Data protection design of the automatic transcription of audio files
I. Initial situation / brief description of the company
We are dr. dresing & pehl GmbH, Deutschhausstraße 22A, 35037 Marburg, Germany, and have been distributing software under the brand name “audiotranskription” since 2005, as well as optional foot controls for the manual transcription of interviews. The software is mainly used in a university context, where it is a central component of qualitative methods training.
In the following, we describe our contractual and technical measures to ensure that automatic speech recognition complies with data protection regulations.
II. Important terms
For a better understanding, we distinguish between two key terms:
- Contract data: Your personal information such as name and address. Everything we need for ordering, payment and delivery.
- Order data: Your audio and text files and the transcripts created from them. This data usually also contains personal data of third parties (the interview partners)
III. you can find out about your rights here:
We take data protection seriously and comply with the General Data Protection Regulation (GDPR).
You will be informed in detail about data processing before or when creating a customer account in accordance with Art. 13 GDPR, where there is also a prominent link to the privacy policy. This can also be found directly here.
IV. Overview of automatic transcription
Interviews or other voice files can be uploaded to our server via the f4 software or a web client.
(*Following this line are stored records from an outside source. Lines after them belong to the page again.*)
(* Let $q$ be a prime power, $r\mid(q-1)$ with $r\ge3$, and $q/2\le\ell\le q-1$. The distance $d$ of the quantum Tamo–Barg code $\mathrm{CSS}(C,C)$ with parameters $q,r,\ell$ satisfies \[ d\leq\left(1-\frac{1}{r}\right)(q-\ell)+5. \]
   Context: $[n]=\{0,\dots,n-1\}$, $\mathbb{F}_q^*=\mathbb{F}_q\setminus\{0\}$. For $S\subseteq\mathbb{Z}_{\ge0}$, $\mathbb{F}_q[X]^S=\{\sum_{i\in S}a_iX^i\}$, $\mathrm{ev}(f)=(f(x))_{x\in\mathbb{F}_q^*}$. Let $S=\{i\in[\ell]:i\not\equiv r-1\pmod r\}\cup\{i\in[q-1]:i\equiv1\pmod r\}$, $C=\mathrm{ev}(\mathbb{F}_q[X]^S)\subseteq\mathbb{F}_q^{q-1}$; for $\ell\ge q/2$, $C^\perp\subseteq C$ and the quantum Tamo–Barg code is the CSS code $\mathrm{CSS}(C,C)=\mathrm{span}\{\sum_{y\in C^\perp}|x+y\rangle:x\in C\}$. Its distance is $\min\{|c|:c\in C\setminus C^\perp\}$, where $|c|$ is the Hamming weight (equivalently, the largest $d$ such that every code state can be recovered after erasing any fewer than $d$ qudits). *)

theory Defs
  imports "HOL-Computational_Algebra.Polynomial"
begin

text \<open>The finite field F_q is a type 'a of class {finite, field}; q = CARD('a).
  Vectors in F_q^{q-1}, indexed by F_q^*, are functions 'a => 'a that vanish at 0.\<close>

definition TB_S :: "nat \<Rightarrow> nat \<Rightarrow> nat \<Rightarrow> nat set" where
  "TB_S q r l = {i. i < l \<and> i mod r \<noteq> r - 1} \<union> {i. i < q - 1 \<and> i mod r = 1 mod r}"
(* Let $\mathcal T$ be an $n$-leaf tree ($n\ge 3$) with leaves $N=\{1,\dots,n\}$ and internal edges $I_1,\dots,I_{n-3}$, and let $\mathbf M$ be its $n\times(2n-3)$ Shapley transformation matrix. Then the null space of $\mathbf M$ has dimension $n-3$. A basis of it is given by the vectors $w_{I_1},\dots,w_{I_{n-3}}\in\mathbb R^{2n-3}$, one for each internal edge, with coordinates $$(w_{I_k})_i=\begin{cases}-\dfrac{f(i,I_k)-1}{(n-2)\,c(i,I_k)} & \text{if } 1\le i\le n,\\[2mm] 1 & \text{if } i=n+k,\\ 0 & \text{otherwise,}\end{cases}$$ for $k\in\{1,\dots,n-3\}$. Here the first $n$ coordinates correspond to the leaf edges and coordinate $n+j$ corresponds to the internal edge $I_j$.
   Context: An $n$-leaf tree here is an unrooted tree whose leaves are labeled by $N=\{1,\dots,n\}$ and whose internal vertices all have degree 3. Such a tree has $2n-3$ edges: the $n$ leaf edges (leaf edge $i$ is incident to leaf $i$) and the $n-3$ internal edges $I_1,\dots,I_{n-3}$. Split counts: for a leaf $i$ and an edge $k$, removing $k$ splits the tree into two subtrees. $c(i,k)$ is the number of leaves in the subtree containing $i$, and $f(i,k)=n-c(i,k)$ is the number of leaves in the other subtree. The Shapley transformation matrix $\mathbf M$ is the $n\times(2n-3)$ matrix with entries $\mathbf M[i,k]=\dfrac{f(i,k)}{n\,c(i,k)}$. Its rows are indexed by leaves $i$ and its columns by edges $k$, in the order leaf edges $1,\dots,n$ then $I_1,\dots,I_{n-3}$. Equivalently, $\mathbf M$ is the matrix such that the Shapley value of the tree game equals $\mathbf M$ times the vector of edge weights. The tree game assigns to a set of leaves $S$ the total weight of the minimal subtree spanning $S$. *)

theory Defs
  imports "Jordan_Normal_Form.Matrix_Kernel"
begin

text \<open>Undirected graphs on natural-number vertices: edges are 2-element vertex sets.\<close>

definition adj :: "nat set set \<Rightarrow> (nat \<times> nat) set" where
  "adj E = {(u, v). {u, v} \<in> E}"

definition deg :: "nat set set \<Rightarrow> nat \<Rightarrow> nat" where
  "deg E v = card {e \<in> E. v \<in> e}"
There, the language files are automatically converted into text.
After conversion, you can download and edit the generated text directly. The data is then only on your own computer again. To protect your data, we delete all information from our server as soon as the transcription has been completed and sent to you.
How exactly does it all work? We will explain this step by step in the following sections.
1. software installation/registration
To use our service, you need either f4 on your computer or our web client. Personal registration is required to get started:
The Register button will guide you through the registration process. In both cases, only a few steps are necessary:
Step 1: Create user account
All you need to create your account is your e-mail address and a secure password. (a combination of upper/lower case, special characters, numbers, at least 10 characters).
If you forget your password, you can reset it at any time. We will send you a security code to your registered e-mail address.
In the registration form we also ask you to agree to our privacy policy. You can find them via a link provided directly in the form or here.
Step 2: Confirmation of registration
After registration you will receive an e-mail with a confirmation code. Enter this code in the software to activate your account.
Please note: For security reasons, we will have to delete your data if you do not enter the code within 24 hours.
Step 3: Conclusion of a data processing agreement (DPA)
In the next step, we present you with the order processing contract (AVV). This contract is essential for anyone who processes data from third parties, e.g. wants to evaluate interviews. The contract is required under the GDPR.
This documents in detail how we ensure data protection in technical and organizational terms.
To ensure that everything is GDPR-compliant, please specify the exact purpose of the data processing and the type of personal data to be processed. After your approval, we will send you the contract by e-mail. This means that the conclusion of the contract pursuant to Art. 28 para. 9 GDPR and if your project is ever audited by data protection officers, you can prove that you meet the legal requirements.
Once you have completed these steps, your registration is complete and you can start using our automatic transcription service.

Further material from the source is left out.